We present UNSEE: Unsupervised Non-Contrastive Sentence Embeddings, a novel approach that outperforms SimCSE in the Massive Text Embedding benchmark. Our exploration begins by addressing the challenge of representation collapse, a phenomenon observed when contrastive objectives in SimCSE are replaced with non-contrastive objectives. To counter this issue, we propose a straightforward solution known as the target network, effectively mitigating representation collapse. The introduction of the target network allows us to leverage non-contrastive objectives, maintaining training stability while achieving performance improvements comparable to contrastive objectives. Our method has achieved peak performance in non-contrastive sentence embeddings through meticulous fine-tuning and optimization. This comprehensive effort has yielded superior sentence representation models, showcasing the effectiveness of our approach.
Paper Structure (16 sections, 5 figures, 1 table)

This paper contains 16 sections, 5 figures, 1 table.

Figures (5)

  • Figure 1: Projection Model is the same as SimCSE Gao2021SimCSESC. The Online keyword is to emphasize that the model gets gradient updates. The Online Projection Model is similar to the Projection Model except for the Target Encoder. The Target Encoder is an exponentially moving average of the Online network.
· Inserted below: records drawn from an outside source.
text \<open>OUAG bounds the output by \<open>\<epsilon> + \<gamma>(\<parallel>u\<parallel>)\<close> after a time \<open>\<tau>\<close> that is uniform on
  bounded sets, and OCEP bounds it on the finite window up to \<open>\<tau>\<close>; as \<open>\<gamma>\<close> is continuous
  at 0, together they give the \<open>\<epsilon>\<close>-\<open>\<delta>\<close> form of OULS, uniformly in time. To obtain a
  K-infinity bound, let \<open>\<delta> n\<close> belong to \<open>\<epsilon> = 2^-n\<close> and put
  \<open>\<sigma> s = s + (\<Sum>k. 2^-k * min 1 (s / \<delta> (k+1)))\<close>. If \<open>n\<close> is least with \<open>\<delta> n < s\<close>, then
  \<open>s \<le> \<delta> (n-1)\<close> bounds the output by \<open>2^-(n-1)\<close>, which is the \<open>(n-1)\<close>-st summand of
  \<open>\<sigma> s\<close>; no monotonicity of \<open>\<delta>\<close> is needed.\<close>

lemma Kinf_nonneg:
  assumes "Kinf \<sigma>" and "0 \<le> s"
  shows "0 \<le> \<sigma> s"
proof -
  have "\<sigma> 0 \<le> \<sigma> s"
    using assms strict_mono_on_leD[of "{0..}" \<sigma> 0 s] by (simp add: Kinf_def)
  then show ?thesis
    using assms(1) by (simp add: Kinf_def)
qed

lemma Kinf_max_le_add:
  assumes "Kinf \<sigma>" and "0 \<le> a" and "0 \<le> b"
  shows "\<sigma> (max a b) \<le> \<sigma> a + \<sigma> b"
  using Kinf_nonneg[OF assms(1)] assms(2,3) by (simp add: max_def)

lemma Kinf_small_near_zero:
  assumes "Kinf \<gamma>" and "\<epsilon> > 0"
  obtains \<eta> where "\<eta> > 0" and "\<And>s. 0 \<le> s \<Longrightarrow> s < \<eta> \<Longrightarrow> \<gamma> s < \<epsilon>"
proof -
  have "continuous_on {0..} \<gamma>" and "\<gamma> 0 = 0"
    using assms(1) by (auto simp: Kinf_def)
  then obtain \<eta> where "\<eta> > 0" and "\<And>s. s \<in> {0..} \<Longrightarrow> dist s 0 < \<eta> \<Longrightarrow> dist (\<gamma> s) 0 < \<epsilon>"
    using assms(2) unfolding continuous_on_iff by (metis atLeast_iff order_refl)
  then have "\<gamma> s < \<epsilon>" if "0 \<le> s" "s < \<eta>" for s
    using that by (force simp: dist_real_def)
  with \<open>\<eta> > 0\<close> show thesis
    using that by blast
qed

definition ramp_sum :: "(nat \<Rightarrow> real) \<Rightarrow> real \<Rightarrow> real" where
  "ramp_sum \<delta> s = s + (\<Sum>k. (1/2)^k * min 1 (s / \<delta> (Suc k)))"

context
  fixes \<delta> :: "nat \<Rightarrow> real"
  assumes \<delta>_pos: "\<And>k. \<delta> k > 0"
begin

lemma ramp_term_bounds:
  assumes "0 \<le> s"
  shows "0 \<le> min 1 (s / \<delta> k)" and "min 1 (s / \<delta> k) \<le> 1"
  using assms \<delta>_pos[of k] by auto

lemma ramp_term_mono:
  assumes "s \<le> s'"
  shows "min 1 (s / \<delta> k) \<le> min 1 (s' / \<delta> k)"
proof -
  have "s / \<delta> k \<le> s' / \<delta> k"
    using assms \<delta>_pos[of k] by (simp add: divide_right_mono)
  then show ?thesis
    by linarith
qed

lemma summable_ramp_terms:
  assumes "0 \<le> s"
  shows "summable (\<lambda>k. (1/2::real)^k * min 1 (s / \<delta> (Suc k)))"
proof (rule summable_comparison_test[where g = "\<lambda>k. (1/2::real)^k"])
  show "\<exists>N. \<forall>k\<ge>N. norm ((1/2::real)^k * min 1 (s / \<delta> (Suc k))) \<le> (1/2)^k"
    using ramp_term_bounds[OF assms] by (auto intro!: mult_left_le_one_le simp: abs_mult)
qed (simp add: summable_geometric)

lemma ramp_sum_ge_self:
  assumes "0 \<le> s"
  shows "s \<le> ramp_sum \<delta> s"
proof -
  have "0 \<le> (\<Sum>k. (1/2::real)^k * min 1 (s / \<delta> (Suc k)))"
    using assms by (intro suminf_nonneg summable_ramp_terms mult_nonneg_nonneg ramp_term_bounds) auto
  then show ?thesis
    unfolding ramp_sum_def by simp
qed

lemma continuous_on_ramp_sum: "continuous_on {0..} (ramp_sum \<delta>)"
proof -
  have "uniform_limit {0..} (\<lambda>n s. \<Sum>k<n. (1/2::real)^k * min 1 (s / \<delta> (Suc k)))
      (\<lambda>s. \<Sum>k. (1/2)^k * min 1 (s / \<delta> (Suc k))) sequentially"
    using ramp_term_bounds
    by (intro Weierstrass_m_test[where M = "\<lambda>k. (1/2)^k"])
      (auto intro!: mult_left_le_one_le simp: abs_mult summable_geometric)
  moreover have "continuous_on {0..} (\<lambda>s. \<Sum>k<n. (1/2::real)^k * min 1 (s / \<delta> (Suc k)))" for n
    by (intro continuous_intros) (simp add: \<delta>_pos less_imp_neq[symmetric])
  ultimately have "continuous_on {0..} (\<lambda>s. \<Sum>k. (1/2::real)^k * min 1 (s / \<delta> (Suc k)))"
    by (intro uniform_limit_theorem) auto
  then show ?thesis
    unfolding ramp_sum_def by (intro continuous_intros)
qed

lemma Kinf_ramp_sum: "Kinf (ramp_sum \<delta>)"
  unfolding Kinf_def
proof (intro conjI allI continuous_on_ramp_sum strict_mono_onI)
  fix s s' :: real
  assume "s \<in> {0..}" "s < s'"
  then have "(\<Sum>k. (1/2::real)^k * min 1 (s / \<delta> (Suc k))) \<le> (\<Sum>k. (1/2)^k * min 1 (s' / \<delta> (Suc k)))"
    by (intro suminf_le summable_ramp_terms mult_left_mono ramp_term_mono) auto
  then show "ramp_sum \<delta> s < ramp_sum \<delta> s'"
    unfolding ramp_sum_def using \<open>s < s'\<close> by linarith
next
  show "ramp_sum \<delta> 0 = 0"
    by (simp add: ramp_sum_def)
next
  fix M :: real
  have "max 0 (M + 1) \<le> ramp_sum \<delta> (max 0 (M + 1))"
    by (rule ramp_sum_ge_self) simp
  then show "\<exists>s\<ge>0. M < ramp_sum \<delta> s"
    by (intro exI[of _ "max 0 (M + 1)"]) auto
qed

lemma power_half_le_ramp_sum:
  assumes "\<delta> (Suc m) < s"
  shows "(1/2)^m \<le> ramp_sum \<delta> s"
proof -
  have "0 \<le> s"
    using assms \<delta>_pos[of "Suc m"] by linarith
  have "min 1 (s / \<delta> (Suc m)) = 1"
    using assms \<delta>_pos[of "Suc m"] by simp
  then have "(1/2::real)^m = (\<Sum>k\<in>{m}. (1/2)^k * min 1 (s / \<delta> (Suc k)))"
    by simp
  also have "\<dots> \<le> (\<Sum>k. (1/2)^k * min 1 (s / \<delta> (Suc k)))"
    using \<open>0 \<le> s\<close> ramp_term_bounds by (intro sum_le_suminf summable_ramp_terms) auto
  also have "\<dots> \<le> ramp_sum \<delta> s"
    unfolding ramp_sum_def using \<open>0 \<le> s\<close> by simp
  finally show ?thesis .
qed

end

lemma nonpos_if_le_geometric:
  assumes "\<And>n. (x::real) \<le> (1/2)^n"
  shows "x \<le> 0"
proof (rule ccontr)
  assume "\<not> x \<le> 0"
  then obtain n where "(1/2::real)^n < x"
    using real_arch_pow_inv[of x "1/2"] by auto
  then show False
    using assms[of n] by simp
qed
Both outputs from Online and Target Encoders pass through the same MLP layer in the Online Projection Model. Target MLP is not employed due to the nature of fine-tuning which will slightly change the newly initialized MLP layer that will potentially corrupt the embeddings. In Single Projection Model, Target embeddings do not go through the MLP layer unlike Online Projection Model. Single Projection Model is identical to the architecture proposed in BSL Zhang2021BootstrappedUS. We only use BERT-base devlin2018bert as the encoder.
  • Figure 2: The performance of various non-contrastive objectives on STSBenchmark evaluation dataset cer-etal-2017-semeval in the Projection Model or SimCSE setting. The difference between models is the number of MLP layers. MLP layer is adopted from BSL zhang-etal-2021-bootstrapped.
  • Figure 3: The performance of various non-contrastive objectives on STSBenchmark cer-etal-2017-semeval in the Online Projection Model with SimCSE hyperparameters. The difference between models is the number of MLP layers. MLP layer is adopted from BSL zhang-etal-2021-bootstrapped.
  • Figure 4: The performance of various non-contrastive objectives on STSBenchmark cer-etal-2017-semeval in the Single Projection Model with SimCSE hyperparameters.
  • Figure 5: The performance of various non-contrastive objectives on STSBenchmark cer-etal-2017-semeval in the Single Projection Model with slightly optimized hyperparameters. The difference between models is the number of MLP layers. MLP layer is adopted from BSL zhang-etal-2021-bootstrapped.